In the context of the Open PHACTS and the Linked Data Benchmark Council projects, Antonis Loizou and I have been looking at how to write better SPARQL queries. In the Open PHACTS project, we’ve been writing super complicated queries to integrate multiple data sources and from experience we realized that different combinations and factors can dramatically impact performance. With this experience, we decided to do something more systematic and test how different techniques we came up with mapped to database theory and worked in practice. We just submitted a paper for review on the outcome. You can find a preprint (On the Formulation of Performant SPARQL Queries) on arxiv.org at http://arxiv.org/abs/1304.0567. The abstract is below. The fancy graphs are in the paper.
But if you’re just looking for ways to write better queries, here are the main rules-of-thumb that we found.
- Minimise optional triple patterns : Reduce the number of optional triple patterns by identify-ing those triple patterns for a given query that will always be bound using dataset statistics.

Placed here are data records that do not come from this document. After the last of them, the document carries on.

lemma Conf_restrict_trivialization:
  assumes graph: "simple_graph V E" and sub: "subgraph W F V E" and b: "b \<in> topspace (Conf W F M)"
    and push: "simultaneous_pushing M (subtopology (Conf W F M) U) W b \<Theta> \<Theta>'"
  shows "homeomorphic_map
           (subtopology (Conf V E M) {e \<in> topspace (Conf V E M). restrict e W \<in> U})
           (prod_topology (subtopology (Conf W F M) U)
              (subtopology (Conf V E M) {e \<in> topspace (Conf V E M). restrict e W = b}))
           (\<lambda>e. (restrict e W, restrict (\<lambda>v. \<Theta>' (restrict e W) (e v)) V))"
proof -
  let ?C = "Conf V E M" and ?Y = "subtopology (Conf W F M) U"
  define D where "D = subtopology ?C {e \<in> topspace ?C. restrict e W \<in> U}"
  define Fib where "Fib = subtopology ?C {e \<in> topspace ?C. restrict e W = b}"
  define \<phi>' where "\<phi>' e = restrict (\<lambda>v. \<Theta>' (restrict e W) (e v)) V" for e
  define \<phi> where "\<phi> e = (restrict e W, \<phi>' e)" for e
  define \<psi> where "\<psi> q = restrict (\<lambda>v. \<Theta> (fst q) (snd q v)) V" for q
  have WV: "W \<subseteq> V"
    using sub by (simp add: subgraph_def)
  have inverse: "\<Theta> y m \<in> topspace M" "\<Theta>' y m \<in> topspace M" "\<Theta> y (\<Theta>' y m) = m" "\<Theta>' y (\<Theta> y m) = m"
    if "y \<in> topspace ?Y" "m \<in> topspace M" for y m
    using push that by (auto simp: simultaneous_pushing_def)
  have cont_\<Theta>: "continuous_map (prod_topology ?Y M) M (\<lambda>p. \<Theta> (fst p) (snd p))"
    and cont_\<Theta>': "continuous_map (prod_topology ?Y M) M (\<lambda>p. \<Theta>' (fst p) (snd p))"
    using push by (auto simp: simultaneous_pushing_def)
  have inj: "inj_on (\<Theta> y) (topspace M)" "inj_on (\<Theta>' y) (topspace M)" if "y \<in> topspace ?Y" for y
    using inverse[OF that] by (metis inj_on_def)+
  have bM: "b w \<in> topspace M" if "w \<in> W" for w
    using b that by (auto simp: topspace_Conf)
  have moves: "\<Theta> y (b w) = y w" "\<Theta>' y (y w) = b w" if "y \<in> topspace ?Y" "w \<in> W" for y w
    using push that inverse(4)[OF that(1) bM[OF that(2)]] by (auto simp: simultaneous_pushing_def)
  have restrict_cont_D: "continuous_map D ?Y (\<lambda>e. restrict e W)"
    using continuous_map_from_subtopology[OF continuous_map_Conf_restrict[OF sub]]
    by (auto simp: D_def continuous_map_in_subtopology)
  have topD: "topspace D = {e \<in> topspace ?C. restrict e W \<in> U}"
    and topFib: "topspace Fib = {e \<in> topspace ?C. restrict e W = b}"
    by (auto simp: D_def Fib_def)
  have id_D: "continuous_map D ?C (\<lambda>e. e)" and id_Fib: "continuous_map Fib ?C (\<lambda>e. e)"
    unfolding D_def Fib_def by (simp_all add: continuous_map_from_subtopology)
  have restrict_D: "restrict e W \<in> topspace ?Y" if "e \<in> topspace D" for e
    using continuous_map_image_subset_topspace[OF restrict_cont_D] that by blast
  have \<phi>'_in: "\<phi>' e \<in> topspace Fib" if "e \<in> topspace D" for e
  proof -
    note y = restrict_D[OF that]
    have "\<Theta>' (restrict e W) (e w) = b w" if "w \<in> W" for w
      using moves(2)[OF y that] that by simp
    then show ?thesis
      using Conf_fibre_shift[OF graph WV b, of e "\<Theta>' (restrict e W)"] that inverse[OF y] inj[OF y]
      by (auto simp: \<phi>'_def topFib topD)
  qed
  have \<psi>_fibre: "\<psi> (y, z) \<in> topspace ?C" "restrict (\<psi> (y, z)) W = y"
    if y: "y \<in> topspace ?Y" and z: "z \<in> topspace Fib" for y z
  proof -
    have "z w = b w" if "w \<in> W" for w
      using z that by (metis (mono_tags, lifting) mem_Collect_eq restrict_apply' topFib)
    then show "\<psi> (y, z) \<in> topspace ?C" "restrict (\<psi> (y, z)) W = y"
      using Conf_fibre_shift[OF graph WV, of y F M z "\<Theta> y"] y z inverse[OF y] inj[OF y] moves(1)[OF y]
      by (auto simp: \<psi>_def topFib)
  qed
  then have \<psi>_in: "\<psi> q \<in> topspace D" if "q \<in> topspace ?Y \<times> topspace Fib" for q
    using that by (auto simp: topD)
  have \<psi>\<phi>: "\<psi> (\<phi> e) = e" if "e \<in> topspace D" for e
    using that inverse(3)[OF restrict_D[OF that]]
    by (auto simp: \<phi>_def \<phi>'_def \<psi>_def topD topspace_Conf PiE_iff extensional_def fun_eq_iff)
  have \<phi>\<psi>: "\<phi> (\<psi> (y, z)) = (y, z)" if "y \<in> topspace ?Y" "z \<in> topspace Fib" for y z
  proof -
    have "restrict (\<lambda>v. \<Theta>' y (\<psi> (y, z) v)) V = z"
      using that inverse(4)[OF that(1)]
      by (auto simp: \<psi>_def topFib topspace_Conf PiE_iff extensional_def fun_eq_iff)
    then show ?thesis
      using \<psi>_fibre(2)[OF that] by (simp add: \<phi>_def \<phi>'_def)
  qed
  have "continuous_map D ?C \<phi>'"
    using \<phi>'_in by (intro continuous_map_Conf_compose[OF restrict_cont_D id_D cont_\<Theta>'])
      (auto simp: \<phi>'_def topFib restrict_def)
  then have "continuous_map D Fib \<phi>'"
    using \<phi>'_in unfolding topFib unfolding Fib_def continuous_map_in_subtopology by auto
  then have "continuous_map D (prod_topology ?Y Fib) \<phi>"
    unfolding \<phi>_def continuous_map_paired using restrict_cont_D by simp
  moreover have "continuous_map (prod_topology ?Y Fib) ?C \<psi>"
    using \<psi>_fibre(1)
    by (intro continuous_map_Conf_compose[OF continuous_map_fst
          continuous_map_compose[OF continuous_map_snd id_Fib, unfolded o_def] cont_\<Theta>])
      (auto simp: \<psi>_def)
  then have "continuous_map (prod_topology ?Y Fib) D \<psi>"
    using \<psi>_in unfolding topD unfolding D_def continuous_map_in_subtopology by auto
  ultimately have "homeomorphic_maps D (prod_topology ?Y Fib) \<phi> \<psi>"
    unfolding homeomorphic_maps_def using \<psi>\<phi> \<phi>\<psi> by auto
  then show ?thesis
    unfolding D_def Fib_def \<phi>_def \<phi>'_def using homeomorphic_maps_imp_map by blast
qed
lemma emeasure_barycentric_ball:
  assumes "finite A"
  shows "emeasure (\<Pi>\<^sub>M i\<in>A. lborel) (barycentric_ball A c t \<inter> space (\<Pi>\<^sub>M i\<in>A. lborel))
           = ennreal (barycentric_ball_volume (card A) c t)"
  using assms
proof (induction arbitrary: c t rule: finite_induct)
  case empty
  show ?case
    by (simp add: PiM_empty barycentric_ball_def barycentric_ball_volume_def legendre_form_def
        emeasure_count_space indicator_def)
next
  case (insert b A c t)
  let ?M = "\<lambda>A. \<Pi>\<^sub>M i\<in>A. (lborel :: real measure)"
  interpret product_sigma_finite "\<lambda>_. lborel :: real measure"
    by standard
  have "emeasure (?M (insert b A)) (barycentric_ball (insert b A) c t \<inter> space (?M (insert b A)))
      = (\<integral>\<^sup>+f. indicator (barycentric_ball (insert b A) c t \<inter> space (?M (insert b A))) f \<partial>?M (insert b A))"
    using insert.hyps by (subst nn_integral_indicator) auto
  also have "\<dots> = (\<integral>\<^sup>+y. \<integral>\<^sup>+f. indicator (barycentric_ball (insert b A) c t \<inter> space (?M (insert b A)))
                       (f(b := y)) \<partial>?M A \<partial>lborel)"
    using insert.hyps by (intro product_nn_integral_insert_rev) auto
  also have "\<dots> = (\<integral>\<^sup>+y. \<integral>\<^sup>+f. indicator (barycentric_ball A (c - y) (t - \<bar>y\<bar>) \<inter> space (?M A)) f
                    \<partial>?M A \<partial>lborel)"
    using insert.hyps barycentric_ball_upd[of A b]
    by (intro nn_integral_cong) (auto simp: indicator_def space_PiM PiE_def extensional_def)
  also have "\<dots> = (\<integral>\<^sup>+y. ennreal (barycentric_ball_volume (card A) (c - y) (t - \<bar>y\<bar>)) \<partial>lborel)"
    using insert.hyps insert.IH by (subst nn_integral_indicator) auto
  also have "\<dots> = ennreal (barycentric_ball_volume (card (insert b A)) c t)"
    using insert.hyps by (simp add: nn_integral_barycentric_ball_volume)
  finally show ?case .
qed

lemma emeasure_lborel_barycentric_ball:
  "emeasure lborel {x::'a::euclidean_space. \<bar>c - (\<Sum>b\<in>Basis. x \<bullet> b)\<bar> + (\<Sum>b\<in>Basis. \<bar>x \<bullet> b\<bar>) \<le> t}
     = ennreal (barycentric_ball_volume DIM('a) c t)"
proof -
  let ?M = "\<Pi>\<^sub>M b\<in>(Basis::'a set). lborel"
  let ?K = "{x::'a. \<bar>c - (\<Sum>b\<in>Basis. x \<bullet> b)\<bar> + (\<Sum>b\<in>Basis. \<bar>x \<bullet> b\<bar>) \<le> t}"
  have coords: "(\<Sum>b'\<in>Basis. f b' *\<^sub>R b') \<bullet> b = f b" if "b \<in> Basis" for f :: "'a \<Rightarrow> real" and b
    using that by (simp add: inner_sum_left inner_Basis if_distrib cong: if_cong)
  have "(\<lambda>f. \<Sum>b\<in>Basis. f b *\<^sub>R b) -` ?K \<inter> space ?M = barycentric_ball Basis c t \<inter> space ?M"
    by (auto simp: barycentric_ball_def coords space_PiM cong: sum.cong)
  moreover have "?K \<in> sets borel"
    by measurable
  ultimately have "emeasure lborel ?K = emeasure ?M (barycentric_ball Basis c t \<inter> space ?M)"
    by (subst lborel_eq) (simp add: emeasure_distr)
  then show ?thesis
    by (simp add: emeasure_barycentric_ball)
qed

text \<open>The change-of-variables theorems of \<^theory>\<open>HOL-Analysis.Change_Of_Vars\<close> need a
  well-ordered index type; a copy of a finite type ordered by \<^const>\<open>to_nat\<close> provides one.\<close>
typedef 'a ord_copy = "UNIV :: 'a set"
  morphisms of_ord_copy to_ord_copy by auto

instance ord_copy :: (finite) finite
proof
  have "finite (to_ord_copy ` (UNIV :: 'a set))"
    by simp
  then show "finite (UNIV :: 'a ord_copy set)"
    by (simp flip: type_definition.univ[OF type_definition_ord_copy])
qed

instantiation ord_copy :: (finite) linorder
begin

definition less_eq_ord_copy :: "'a ord_copy \<Rightarrow> 'a ord_copy \<Rightarrow> bool" where
  "i \<le> j \<longleftrightarrow> to_nat (of_ord_copy i) \<le> to_nat (of_ord_copy j)"

definition less_ord_copy :: "'a ord_copy \<Rightarrow> 'a ord_copy \<Rightarrow> bool" where
  "i < j \<longleftrightarrow> to_nat (of_ord_copy i) < to_nat (of_ord_copy j)"

instance
proof
  fix i j k :: "'a ord_copy"
  show "i < j \<longleftrightarrow> i \<le> j \<and> \<not> j \<le> i" "i \<le> i" "i \<le> j \<or> j \<le> i"
    by (auto simp: less_eq_ord_copy_def less_ord_copy_def)
  show "i \<le> j \<Longrightarrow> j \<le> k \<Longrightarrow> i \<le> k"
    by (simp add: less_eq_ord_copy_def)
  show "i \<le> j \<Longrightarrow> j \<le> i \<Longrightarrow> i = j"
    unfolding less_eq_ord_copy_def by (metis antisym of_ord_copy_inject to_nat_split)
qed

end

instance ord_copy :: (finite) wellorder
proof
  fix P :: "'a ord_copy \<Rightarrow> bool" and i
  assume step: "\<And>i. (\<And>j. j < i \<Longrightarrow> P j) \<Longrightarrow> P i"
  show "P i"
  proof (induction i rule: measure_induct_rule[of "\<lambda>i. to_nat (of_ord_copy i)"])
    case (less i)
    then show ?case
      by (rule step) (simp add: less_ord_copy_def)
  qed
qed

definition copy_vec :: "real ^ 'n \<Rightarrow> real ^ 'n ord_copy" where
  "copy_vec x = (\<chi> i. x $ of_ord_copy i)"

definition uncopy_vec :: "real ^ 'n ord_copy \<Rightarrow> real ^ 'n" where
  "uncopy_vec y = (\<chi> j. y $ to_ord_copy j)"

lemma uncopy_copy_vec [simp]: "uncopy_vec (copy_vec x) = x"
  by (simp add: copy_vec_def uncopy_vec_def vec_eq_iff to_ord_copy_inverse)

lemma copy_uncopy_vec [simp]: "copy_vec (uncopy_vec y) = y"
  by (simp add: copy_vec_def uncopy_vec_def vec_eq_iff of_ord_copy_inverse)

lemma linear_copy_vec: "linear copy_vec"
  by (intro linearI) (simp_all add: copy_vec_def vec_eq_iff)

lemma linear_uncopy_vec: "linear uncopy_vec"
  by (intro linearI) (simp_all add: uncopy_vec_def vec_eq_iff)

- Localise SPARQL subpatterns: Use named graphs to specify the subset of triples in a dataset that portions of a query should be evaluated against.
- Replace connected triple patterns: Use property paths to replace connected triple patterns where the object of one triple pattern is the subject of another.
- Reduce the effects of cartesian products: Use aggregates to reduce the size of solution sequences.
- Specifying alternative URIs: Consider different ways of specifying alternative URIs beyond UNION.
Finally, one thing we did learn was test, test, test. The performance of the same query can vary dramatically across stores.
Title: On the Formulation of Performant SPARQL Queries
Authors: Antonis Loizou and Paul Groth
The combination of the flexibility of RDF and the expressiveness of SPARQL
provides a powerful mechanism to model, integrate and query data. However,
these properties also mean that it is nontrivial to write performant SPARQL
queries. Indeed, it is quite easy to create queries that tax even the most optimised triple stores. Currently, application developers have little concrete guidance on how to write “good” queries. The goal of this paper is to begin to bridge this gap. It describes 5 heuristics that can be applied to create optimised queries. The heuristics are informed by formal results in the literature on the semantics and complexity of evaluating SPARQL queries, which ensures that queries following these rules can be optimised effectively by an underlying RDF store. Moreover, we empirically verify the efficacy of the heuristics using a set of openly available datasets and corresponding SPARQL queries developed by a large pharmacology data integration project. The experimental results show improvements in performance across 6 state-of-the-art RDF stores.